## WHAT THE EXERCISE ASKS
After finding the line with "text \<open>Both sides" in the entries below, retype exactly each line from there through the line with "E = (\<integral>\<^sup>+\<omega>.", including that final line.

+-------+

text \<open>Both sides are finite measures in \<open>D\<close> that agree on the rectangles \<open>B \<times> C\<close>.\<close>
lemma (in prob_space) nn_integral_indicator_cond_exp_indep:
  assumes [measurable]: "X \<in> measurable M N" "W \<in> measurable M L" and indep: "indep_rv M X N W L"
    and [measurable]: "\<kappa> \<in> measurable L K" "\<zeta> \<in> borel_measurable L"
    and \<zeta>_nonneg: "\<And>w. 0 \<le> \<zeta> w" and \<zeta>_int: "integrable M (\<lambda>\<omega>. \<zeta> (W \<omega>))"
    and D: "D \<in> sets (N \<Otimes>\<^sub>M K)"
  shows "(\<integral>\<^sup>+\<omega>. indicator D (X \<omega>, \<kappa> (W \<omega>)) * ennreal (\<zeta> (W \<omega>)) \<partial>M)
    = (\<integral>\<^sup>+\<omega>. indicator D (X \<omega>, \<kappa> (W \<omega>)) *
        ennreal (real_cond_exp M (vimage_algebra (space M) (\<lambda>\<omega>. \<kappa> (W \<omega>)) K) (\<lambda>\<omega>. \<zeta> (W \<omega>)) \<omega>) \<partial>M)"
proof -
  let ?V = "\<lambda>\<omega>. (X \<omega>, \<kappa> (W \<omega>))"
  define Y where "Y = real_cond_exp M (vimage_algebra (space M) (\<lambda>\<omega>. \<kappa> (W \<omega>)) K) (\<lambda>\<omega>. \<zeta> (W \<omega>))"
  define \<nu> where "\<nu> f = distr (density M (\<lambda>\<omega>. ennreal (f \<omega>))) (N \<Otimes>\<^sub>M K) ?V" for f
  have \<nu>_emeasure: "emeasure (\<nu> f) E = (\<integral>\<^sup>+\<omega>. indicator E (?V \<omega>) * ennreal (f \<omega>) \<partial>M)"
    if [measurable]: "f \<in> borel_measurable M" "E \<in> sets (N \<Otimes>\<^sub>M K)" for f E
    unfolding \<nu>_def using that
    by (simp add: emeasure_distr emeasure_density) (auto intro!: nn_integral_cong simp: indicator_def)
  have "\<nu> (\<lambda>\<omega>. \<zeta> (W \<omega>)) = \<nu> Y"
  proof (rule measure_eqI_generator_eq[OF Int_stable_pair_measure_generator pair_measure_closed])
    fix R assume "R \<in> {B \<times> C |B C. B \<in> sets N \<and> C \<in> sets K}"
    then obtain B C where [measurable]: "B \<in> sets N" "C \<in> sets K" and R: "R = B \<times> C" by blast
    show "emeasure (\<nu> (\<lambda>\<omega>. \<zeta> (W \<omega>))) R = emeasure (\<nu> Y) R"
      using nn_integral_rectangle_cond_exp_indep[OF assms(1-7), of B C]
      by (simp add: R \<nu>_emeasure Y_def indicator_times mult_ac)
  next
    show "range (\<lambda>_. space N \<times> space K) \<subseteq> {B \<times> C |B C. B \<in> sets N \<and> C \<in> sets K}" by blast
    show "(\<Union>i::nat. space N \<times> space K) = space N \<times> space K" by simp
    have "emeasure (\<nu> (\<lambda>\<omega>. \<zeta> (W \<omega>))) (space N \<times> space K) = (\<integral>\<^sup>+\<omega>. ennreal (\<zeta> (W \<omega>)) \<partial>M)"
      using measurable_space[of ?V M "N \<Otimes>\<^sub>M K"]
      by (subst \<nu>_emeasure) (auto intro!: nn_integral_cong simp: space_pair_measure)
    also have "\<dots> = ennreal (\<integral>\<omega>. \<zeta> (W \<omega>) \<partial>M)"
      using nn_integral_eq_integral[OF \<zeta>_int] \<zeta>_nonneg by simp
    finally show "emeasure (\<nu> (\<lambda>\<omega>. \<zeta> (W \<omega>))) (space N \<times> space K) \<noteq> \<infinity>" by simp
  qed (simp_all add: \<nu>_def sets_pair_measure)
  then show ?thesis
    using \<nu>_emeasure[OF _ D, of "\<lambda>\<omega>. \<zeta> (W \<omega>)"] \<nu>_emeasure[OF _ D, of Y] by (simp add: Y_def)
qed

+-------+

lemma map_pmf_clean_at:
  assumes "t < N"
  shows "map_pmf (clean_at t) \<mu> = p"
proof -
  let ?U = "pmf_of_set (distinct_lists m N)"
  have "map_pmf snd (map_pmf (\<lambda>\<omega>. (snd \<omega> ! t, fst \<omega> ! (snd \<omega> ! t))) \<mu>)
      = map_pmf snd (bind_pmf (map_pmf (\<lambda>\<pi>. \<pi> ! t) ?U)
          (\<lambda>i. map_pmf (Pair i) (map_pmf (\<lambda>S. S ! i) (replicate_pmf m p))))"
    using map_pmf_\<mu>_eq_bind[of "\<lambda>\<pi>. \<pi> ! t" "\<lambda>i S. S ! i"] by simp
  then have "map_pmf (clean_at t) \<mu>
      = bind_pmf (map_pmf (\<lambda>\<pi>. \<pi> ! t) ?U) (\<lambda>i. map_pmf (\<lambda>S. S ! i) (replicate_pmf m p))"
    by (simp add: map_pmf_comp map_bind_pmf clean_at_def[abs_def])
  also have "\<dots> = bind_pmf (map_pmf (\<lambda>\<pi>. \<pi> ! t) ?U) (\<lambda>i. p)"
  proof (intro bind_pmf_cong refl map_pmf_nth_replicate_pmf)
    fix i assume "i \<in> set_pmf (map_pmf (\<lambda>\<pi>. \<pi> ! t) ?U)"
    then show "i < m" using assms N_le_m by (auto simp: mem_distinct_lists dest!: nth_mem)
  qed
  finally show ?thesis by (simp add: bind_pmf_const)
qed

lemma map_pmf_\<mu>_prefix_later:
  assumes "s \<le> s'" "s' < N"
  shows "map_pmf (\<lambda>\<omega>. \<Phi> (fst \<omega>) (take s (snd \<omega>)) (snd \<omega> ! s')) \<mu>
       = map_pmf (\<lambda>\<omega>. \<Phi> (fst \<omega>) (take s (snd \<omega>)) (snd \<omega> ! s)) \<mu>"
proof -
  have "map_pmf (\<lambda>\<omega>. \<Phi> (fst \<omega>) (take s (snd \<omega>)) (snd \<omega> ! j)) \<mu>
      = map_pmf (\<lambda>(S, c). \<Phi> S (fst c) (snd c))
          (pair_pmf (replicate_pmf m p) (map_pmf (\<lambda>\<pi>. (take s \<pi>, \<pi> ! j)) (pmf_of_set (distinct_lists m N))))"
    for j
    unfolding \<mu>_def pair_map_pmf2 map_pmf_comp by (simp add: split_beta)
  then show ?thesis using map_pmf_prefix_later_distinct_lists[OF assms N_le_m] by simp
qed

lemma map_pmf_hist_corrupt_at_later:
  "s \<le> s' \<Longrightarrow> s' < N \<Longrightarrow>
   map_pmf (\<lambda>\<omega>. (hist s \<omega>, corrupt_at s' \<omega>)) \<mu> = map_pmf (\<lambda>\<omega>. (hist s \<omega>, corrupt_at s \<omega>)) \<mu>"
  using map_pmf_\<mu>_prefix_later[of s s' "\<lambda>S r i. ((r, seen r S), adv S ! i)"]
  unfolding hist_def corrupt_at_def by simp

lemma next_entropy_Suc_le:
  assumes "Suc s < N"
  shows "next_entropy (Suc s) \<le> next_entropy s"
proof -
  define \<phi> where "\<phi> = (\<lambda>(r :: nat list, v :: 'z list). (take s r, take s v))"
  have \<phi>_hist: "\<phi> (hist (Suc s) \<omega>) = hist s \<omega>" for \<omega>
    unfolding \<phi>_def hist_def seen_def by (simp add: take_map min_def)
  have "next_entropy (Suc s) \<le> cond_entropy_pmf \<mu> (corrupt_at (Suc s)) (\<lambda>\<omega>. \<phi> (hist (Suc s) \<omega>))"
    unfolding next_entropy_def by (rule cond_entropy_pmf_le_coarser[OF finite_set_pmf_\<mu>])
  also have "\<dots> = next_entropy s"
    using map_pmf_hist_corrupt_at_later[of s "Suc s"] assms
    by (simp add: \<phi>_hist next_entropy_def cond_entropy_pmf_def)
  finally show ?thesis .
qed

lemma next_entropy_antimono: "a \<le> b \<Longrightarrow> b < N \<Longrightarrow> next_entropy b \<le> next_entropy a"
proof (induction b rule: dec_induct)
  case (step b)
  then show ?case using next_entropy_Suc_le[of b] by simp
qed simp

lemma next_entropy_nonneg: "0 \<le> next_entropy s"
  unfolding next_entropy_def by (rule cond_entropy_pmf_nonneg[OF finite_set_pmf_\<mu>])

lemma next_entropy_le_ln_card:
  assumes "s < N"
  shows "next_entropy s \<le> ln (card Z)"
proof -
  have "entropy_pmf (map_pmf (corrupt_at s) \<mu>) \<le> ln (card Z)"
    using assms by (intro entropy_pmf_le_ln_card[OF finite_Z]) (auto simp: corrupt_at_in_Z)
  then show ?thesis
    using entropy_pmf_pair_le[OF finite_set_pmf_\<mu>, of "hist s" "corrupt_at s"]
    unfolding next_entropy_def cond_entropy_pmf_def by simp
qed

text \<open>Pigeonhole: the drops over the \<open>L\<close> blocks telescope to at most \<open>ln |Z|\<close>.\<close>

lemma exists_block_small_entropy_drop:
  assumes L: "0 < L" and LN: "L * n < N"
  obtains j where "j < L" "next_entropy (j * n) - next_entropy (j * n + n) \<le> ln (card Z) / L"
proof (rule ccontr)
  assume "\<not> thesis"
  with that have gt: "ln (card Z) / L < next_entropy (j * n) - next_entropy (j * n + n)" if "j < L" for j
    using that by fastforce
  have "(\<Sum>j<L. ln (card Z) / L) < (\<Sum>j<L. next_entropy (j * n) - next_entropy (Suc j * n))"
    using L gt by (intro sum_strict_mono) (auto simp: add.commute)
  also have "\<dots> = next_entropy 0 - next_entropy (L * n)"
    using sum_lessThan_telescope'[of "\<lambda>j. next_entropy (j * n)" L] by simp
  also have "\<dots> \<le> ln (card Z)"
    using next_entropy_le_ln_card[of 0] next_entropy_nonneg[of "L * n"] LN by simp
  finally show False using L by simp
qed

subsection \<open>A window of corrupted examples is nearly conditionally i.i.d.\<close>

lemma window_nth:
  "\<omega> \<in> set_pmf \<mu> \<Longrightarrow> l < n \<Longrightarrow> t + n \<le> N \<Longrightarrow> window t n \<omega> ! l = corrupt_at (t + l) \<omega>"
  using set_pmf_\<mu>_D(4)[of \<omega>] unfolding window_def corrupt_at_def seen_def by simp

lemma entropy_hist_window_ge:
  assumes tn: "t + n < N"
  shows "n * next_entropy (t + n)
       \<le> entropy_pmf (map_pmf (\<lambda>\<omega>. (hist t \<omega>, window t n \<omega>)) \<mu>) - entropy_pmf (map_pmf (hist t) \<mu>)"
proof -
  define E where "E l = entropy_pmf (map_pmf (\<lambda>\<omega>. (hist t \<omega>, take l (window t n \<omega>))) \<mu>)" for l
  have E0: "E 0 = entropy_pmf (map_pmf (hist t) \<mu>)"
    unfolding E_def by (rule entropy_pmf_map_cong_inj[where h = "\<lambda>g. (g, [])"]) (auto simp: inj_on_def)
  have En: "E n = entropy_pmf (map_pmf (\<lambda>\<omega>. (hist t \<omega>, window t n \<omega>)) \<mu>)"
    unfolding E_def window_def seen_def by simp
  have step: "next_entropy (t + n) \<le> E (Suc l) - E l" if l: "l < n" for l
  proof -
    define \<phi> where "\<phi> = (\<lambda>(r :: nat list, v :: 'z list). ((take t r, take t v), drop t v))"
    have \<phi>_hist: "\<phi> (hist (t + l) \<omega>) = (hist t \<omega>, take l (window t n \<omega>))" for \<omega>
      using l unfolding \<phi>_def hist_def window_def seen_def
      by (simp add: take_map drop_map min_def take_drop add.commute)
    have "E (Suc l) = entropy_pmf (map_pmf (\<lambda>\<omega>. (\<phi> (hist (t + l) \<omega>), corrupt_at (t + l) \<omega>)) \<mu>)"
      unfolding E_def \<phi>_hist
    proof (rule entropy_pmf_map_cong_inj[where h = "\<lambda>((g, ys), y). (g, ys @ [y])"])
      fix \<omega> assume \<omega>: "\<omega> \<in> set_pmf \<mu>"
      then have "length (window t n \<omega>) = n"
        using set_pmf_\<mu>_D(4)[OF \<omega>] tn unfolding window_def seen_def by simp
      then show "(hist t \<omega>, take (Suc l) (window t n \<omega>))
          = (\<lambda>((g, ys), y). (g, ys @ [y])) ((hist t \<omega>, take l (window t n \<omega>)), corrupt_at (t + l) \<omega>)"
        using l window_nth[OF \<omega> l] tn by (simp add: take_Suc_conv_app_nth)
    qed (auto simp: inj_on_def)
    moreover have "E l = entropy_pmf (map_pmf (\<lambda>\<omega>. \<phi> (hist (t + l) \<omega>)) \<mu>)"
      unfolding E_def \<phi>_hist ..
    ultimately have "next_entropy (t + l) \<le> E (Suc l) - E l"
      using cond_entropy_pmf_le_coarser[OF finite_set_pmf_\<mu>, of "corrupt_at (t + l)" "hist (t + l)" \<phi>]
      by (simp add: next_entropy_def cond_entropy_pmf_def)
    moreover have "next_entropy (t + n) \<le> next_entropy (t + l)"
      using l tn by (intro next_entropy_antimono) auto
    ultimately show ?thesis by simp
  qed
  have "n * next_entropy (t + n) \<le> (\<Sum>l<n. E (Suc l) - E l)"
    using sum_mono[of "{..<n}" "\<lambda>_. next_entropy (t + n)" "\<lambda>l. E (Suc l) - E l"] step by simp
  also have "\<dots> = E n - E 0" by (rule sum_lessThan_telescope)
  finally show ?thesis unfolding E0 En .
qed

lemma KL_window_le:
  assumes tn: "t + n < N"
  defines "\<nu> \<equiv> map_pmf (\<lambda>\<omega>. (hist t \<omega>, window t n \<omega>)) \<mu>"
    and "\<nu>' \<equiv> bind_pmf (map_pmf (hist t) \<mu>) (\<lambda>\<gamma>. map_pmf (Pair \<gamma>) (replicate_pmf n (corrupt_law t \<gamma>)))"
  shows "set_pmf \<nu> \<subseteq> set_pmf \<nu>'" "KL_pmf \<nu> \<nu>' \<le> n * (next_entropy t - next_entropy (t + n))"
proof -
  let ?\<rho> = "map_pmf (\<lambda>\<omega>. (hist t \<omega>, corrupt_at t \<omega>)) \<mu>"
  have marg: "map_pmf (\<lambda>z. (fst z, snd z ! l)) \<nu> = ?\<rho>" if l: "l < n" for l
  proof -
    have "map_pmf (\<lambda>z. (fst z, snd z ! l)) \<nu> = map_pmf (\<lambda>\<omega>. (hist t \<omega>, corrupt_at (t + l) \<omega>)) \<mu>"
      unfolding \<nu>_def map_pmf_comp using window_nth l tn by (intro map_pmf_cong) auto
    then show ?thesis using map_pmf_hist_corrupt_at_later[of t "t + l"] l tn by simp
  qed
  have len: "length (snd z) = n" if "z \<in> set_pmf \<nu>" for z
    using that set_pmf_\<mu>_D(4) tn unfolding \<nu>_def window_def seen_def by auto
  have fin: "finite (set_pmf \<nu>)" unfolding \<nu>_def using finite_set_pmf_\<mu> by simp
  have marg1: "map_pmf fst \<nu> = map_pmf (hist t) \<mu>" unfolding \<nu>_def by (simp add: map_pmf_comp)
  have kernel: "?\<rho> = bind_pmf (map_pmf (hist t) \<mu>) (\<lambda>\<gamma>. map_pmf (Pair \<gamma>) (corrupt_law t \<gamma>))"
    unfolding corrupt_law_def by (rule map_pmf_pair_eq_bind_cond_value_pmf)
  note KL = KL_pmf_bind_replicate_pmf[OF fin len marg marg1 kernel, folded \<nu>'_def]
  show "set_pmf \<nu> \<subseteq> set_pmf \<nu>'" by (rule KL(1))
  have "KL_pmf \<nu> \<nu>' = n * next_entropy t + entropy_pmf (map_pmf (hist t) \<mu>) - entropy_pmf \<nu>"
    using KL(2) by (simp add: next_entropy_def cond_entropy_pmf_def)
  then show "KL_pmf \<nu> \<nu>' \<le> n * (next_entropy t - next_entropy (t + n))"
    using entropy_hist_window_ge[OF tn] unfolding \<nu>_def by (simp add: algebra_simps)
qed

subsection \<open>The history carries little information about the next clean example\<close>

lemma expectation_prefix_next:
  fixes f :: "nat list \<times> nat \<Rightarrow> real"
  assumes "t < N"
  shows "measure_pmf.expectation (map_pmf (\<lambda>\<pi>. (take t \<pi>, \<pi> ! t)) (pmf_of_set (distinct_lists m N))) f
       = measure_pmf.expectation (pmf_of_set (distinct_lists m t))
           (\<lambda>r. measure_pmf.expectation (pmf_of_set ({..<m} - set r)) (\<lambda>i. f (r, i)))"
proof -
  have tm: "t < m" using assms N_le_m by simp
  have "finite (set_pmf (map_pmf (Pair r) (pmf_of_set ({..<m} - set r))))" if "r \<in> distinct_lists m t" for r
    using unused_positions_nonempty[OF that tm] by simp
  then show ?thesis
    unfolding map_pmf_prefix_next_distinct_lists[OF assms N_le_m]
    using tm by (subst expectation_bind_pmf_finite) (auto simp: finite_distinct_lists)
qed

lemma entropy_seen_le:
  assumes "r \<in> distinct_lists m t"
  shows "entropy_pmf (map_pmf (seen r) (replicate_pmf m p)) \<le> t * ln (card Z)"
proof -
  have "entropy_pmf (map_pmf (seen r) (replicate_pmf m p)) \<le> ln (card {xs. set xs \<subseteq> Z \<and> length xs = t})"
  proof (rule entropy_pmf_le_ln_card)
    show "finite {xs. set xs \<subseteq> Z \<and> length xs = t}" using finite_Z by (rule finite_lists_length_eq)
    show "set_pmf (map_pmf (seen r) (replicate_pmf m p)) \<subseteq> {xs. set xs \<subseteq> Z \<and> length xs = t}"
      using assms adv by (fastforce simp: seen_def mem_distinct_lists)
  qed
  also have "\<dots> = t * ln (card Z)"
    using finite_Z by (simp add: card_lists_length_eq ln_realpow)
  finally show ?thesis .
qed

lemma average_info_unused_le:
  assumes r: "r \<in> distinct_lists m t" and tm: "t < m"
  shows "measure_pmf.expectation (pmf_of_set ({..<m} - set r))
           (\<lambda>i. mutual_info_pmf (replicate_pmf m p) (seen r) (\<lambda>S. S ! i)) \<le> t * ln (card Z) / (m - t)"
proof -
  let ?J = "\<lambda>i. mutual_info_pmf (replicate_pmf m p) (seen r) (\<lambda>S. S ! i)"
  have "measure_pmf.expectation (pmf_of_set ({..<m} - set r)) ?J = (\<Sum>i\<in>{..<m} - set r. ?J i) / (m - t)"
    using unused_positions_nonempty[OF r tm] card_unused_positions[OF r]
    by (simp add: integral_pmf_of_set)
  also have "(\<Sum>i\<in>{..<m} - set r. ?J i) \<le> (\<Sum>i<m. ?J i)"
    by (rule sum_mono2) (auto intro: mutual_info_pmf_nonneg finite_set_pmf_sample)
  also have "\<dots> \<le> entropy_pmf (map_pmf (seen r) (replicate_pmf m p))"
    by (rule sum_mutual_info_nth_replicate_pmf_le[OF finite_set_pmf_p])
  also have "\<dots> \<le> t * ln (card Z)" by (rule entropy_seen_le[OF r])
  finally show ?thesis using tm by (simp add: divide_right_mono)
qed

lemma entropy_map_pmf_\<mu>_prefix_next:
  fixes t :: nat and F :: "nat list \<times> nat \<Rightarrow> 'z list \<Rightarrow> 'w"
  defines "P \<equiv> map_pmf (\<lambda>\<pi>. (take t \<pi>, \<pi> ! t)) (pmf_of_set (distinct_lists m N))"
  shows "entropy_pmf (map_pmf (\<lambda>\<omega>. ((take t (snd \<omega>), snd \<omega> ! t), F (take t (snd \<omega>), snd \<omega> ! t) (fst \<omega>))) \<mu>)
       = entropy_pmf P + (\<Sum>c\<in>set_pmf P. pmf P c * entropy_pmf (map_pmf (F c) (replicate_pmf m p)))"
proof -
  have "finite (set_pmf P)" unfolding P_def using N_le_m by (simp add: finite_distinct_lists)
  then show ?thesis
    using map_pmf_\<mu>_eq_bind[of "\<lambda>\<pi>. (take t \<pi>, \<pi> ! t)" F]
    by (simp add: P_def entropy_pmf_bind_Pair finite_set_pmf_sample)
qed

+-------+

## ANSWER SECTION
text \<open>Both sides are finite measures in \<open>D\<close> that agree on the rectangles \<open>B \<times> C\<close>.\<close>
lemma (in prob_space) nn_integral_indicator_cond_exp_indep:
  assumes [measurable]: "X \<in> measurable M N" "W \<in> measurable M L" and indep: "indep_rv M X N W L"
    and [measurable]: "\<kappa> \<in> measurable L K" "\<zeta> \<in> borel_measurable L"
    and \<zeta>_nonneg: "\<And>w. 0 \<le> \<zeta> w" and \<zeta>_int: "integrable M (\<lambda>\<omega>. \<zeta> (W \<omega>))"
    and D: "D \<in> sets (N \<Otimes>\<^sub>M K)"
  shows "(\<integral>\<^sup>+\<omega>. indicator D (X \<omega>, \<kappa> (W \<omega>)) * ennreal (\<zeta> (W \<omega>)) \<partial>M)
    = (\<integral>\<^sup>+\<omega>. indicator D (X \<omega>, \<kappa> (W \<omega>)) *
        ennreal (real_cond_exp M (vimage_algebra (space M) (\<lambda>\<omega>. \<kappa> (W \<omega>)) K) (\<lambda>\<omega>. \<zeta> (W \<omega>)) \<omega>) \<partial>M)"
proof -
  let ?V = "\<lambda>\<omega>. (X \<omega>, \<kappa> (W \<omega>))"
  define Y where "Y = real_cond_exp M (vimage_algebra (space M) (\<lambda>\<omega>. \<kappa> (W \<omega>)) K) (\<lambda>\<omega>. \<zeta> (W \<omega>))"
  define \<nu> where "\<nu> f = distr (density M (\<lambda>\<omega>. ennreal (f \<omega>))) (N \<Otimes>\<^sub>M K) ?V" for f
  have \<nu>_emeasure: "emeasure (\<nu> f) E = (\<integral>\<^sup>+\<omega>. indicator E (?V \<omega>) * ennreal (f \<omega>) \<partial>M)"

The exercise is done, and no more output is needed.